I had a birthday last week. It was birthday-ish, with cake with sprinkles and a Buster Keaton movie and a moose. A real moose, four long legs and all, hanging out to say hi. We find signs of moose everywhere, but I’ve still only seen them in person a few times. Once when I came round a corner in a car and found a bull moose looking back at me, and another time when a very busy one trotted past us in the backyard, on her way to someplace important.

So that was good. We’ve also had a pair of Hooded Mergansers in the beaver pond of late. The male is quite handsome and a little full of himself. The female is lovely. For some reason the female mergansers, any variety, appeal to me far more than the males. They have beautiful cinnamon crests, and just look…I don’t know. Like a creature who has flown through the loneliest of places, a temporarily lost fairy queen, perhaps.

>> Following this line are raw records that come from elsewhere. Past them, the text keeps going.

lemma quad_limit_if_close:
  assumes quad: "quad_limit g U Ms q"
    and close: "\<forall>\<^sub>F \<epsilon> in at_right 0. \<forall>\<^sub>F n in sequentially.
           (\<integral>\<^sup>+x\<in>V \<epsilon>. ennreal (h x) \<partial>Ns n) \<le> (\<integral>\<^sup>+x\<in>U \<epsilon>. ennreal (g x) \<partial>Ms n) + ennreal (\<epsilon> * C) \<and>
           (\<integral>\<^sup>+x\<in>U \<epsilon>. ennreal (g x) \<partial>Ms n) \<le> (\<integral>\<^sup>+x\<in>V \<epsilon>. ennreal (h x) \<partial>Ns n) + ennreal (\<epsilon> * C)"
  shows "quad_limit h V Ns q"
proof -
  define A where "A \<epsilon> n = (\<integral>\<^sup>+x\<in>U \<epsilon>. ennreal (g x) \<partial>Ms n)" for \<epsilon> n
  define B where "B \<epsilon> n = (\<integral>\<^sup>+x\<in>V \<epsilon>. ennreal (h x) \<partial>Ns n)" for \<epsilon> n
  have close_AB: "\<forall>\<^sub>F \<epsilon> in at_right 0. \<forall>\<^sub>F n in sequentially.
      B \<epsilon> n \<le> A \<epsilon> n + ennreal (\<epsilon> * C) \<and> A \<epsilon> n \<le> B \<epsilon> n + ennreal (\<epsilon> * C)"
    using close by (simp add: A_def B_def)
  have "\<forall>\<^sub>F \<epsilon> in at_right 0.
      limsup (B \<epsilon>) \<le> limsup (A \<epsilon>) + ennreal (\<epsilon> * C) \<and> limsup (A \<epsilon>) \<le> limsup (B \<epsilon>) + ennreal (\<epsilon> * C)"
    using close_AB
    by eventually_elim (auto intro: Limsup_le_Limsup_add_const elim: eventually_mono)
  moreover have "\<forall>\<^sub>F \<epsilon> in at_right 0.
      liminf (B \<epsilon>) \<le> liminf (A \<epsilon>) + ennreal (\<epsilon> * C) \<and> liminf (A \<epsilon>) \<le> liminf (B \<epsilon>) + ennreal (\<epsilon> * C)"
    using close_AB
    by eventually_elim (auto intro: Liminf_le_Liminf_add_const elim: eventually_mono)
  ultimately show ?thesis
    using quad unfolding quad_limit_def A_def[symmetric] B_def[symmetric]
    by (auto intro: tendsto_at_right_0_if_close)
qed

While the snow refuses to leave (we had yet another snow shower this morning), the sun continues to return. It is strong enough to warm the house during the day, and to make my winter coat seem a little foolish. I forget this every year, the fact that it is not that the winter decides to move on, but that the sun gains ascendancy. It’s comforting. There is no White Witch, keeping it forever cold and dark. It’s simply a question of waiting until the days lengthen and the sun rises and the birds begin to sing again.

When I was young and fascinated with astronomy, I was devastated to learn that some day the sun would run its course and be gone, and with it, us. That’s the trick of life though, isn’t it? Everything must run its course, and still we build and dream and sing and sleep and love and try to make the most of this impermanence. It’s not the lasting forever that’s important, it’s the passion we bring to our time here.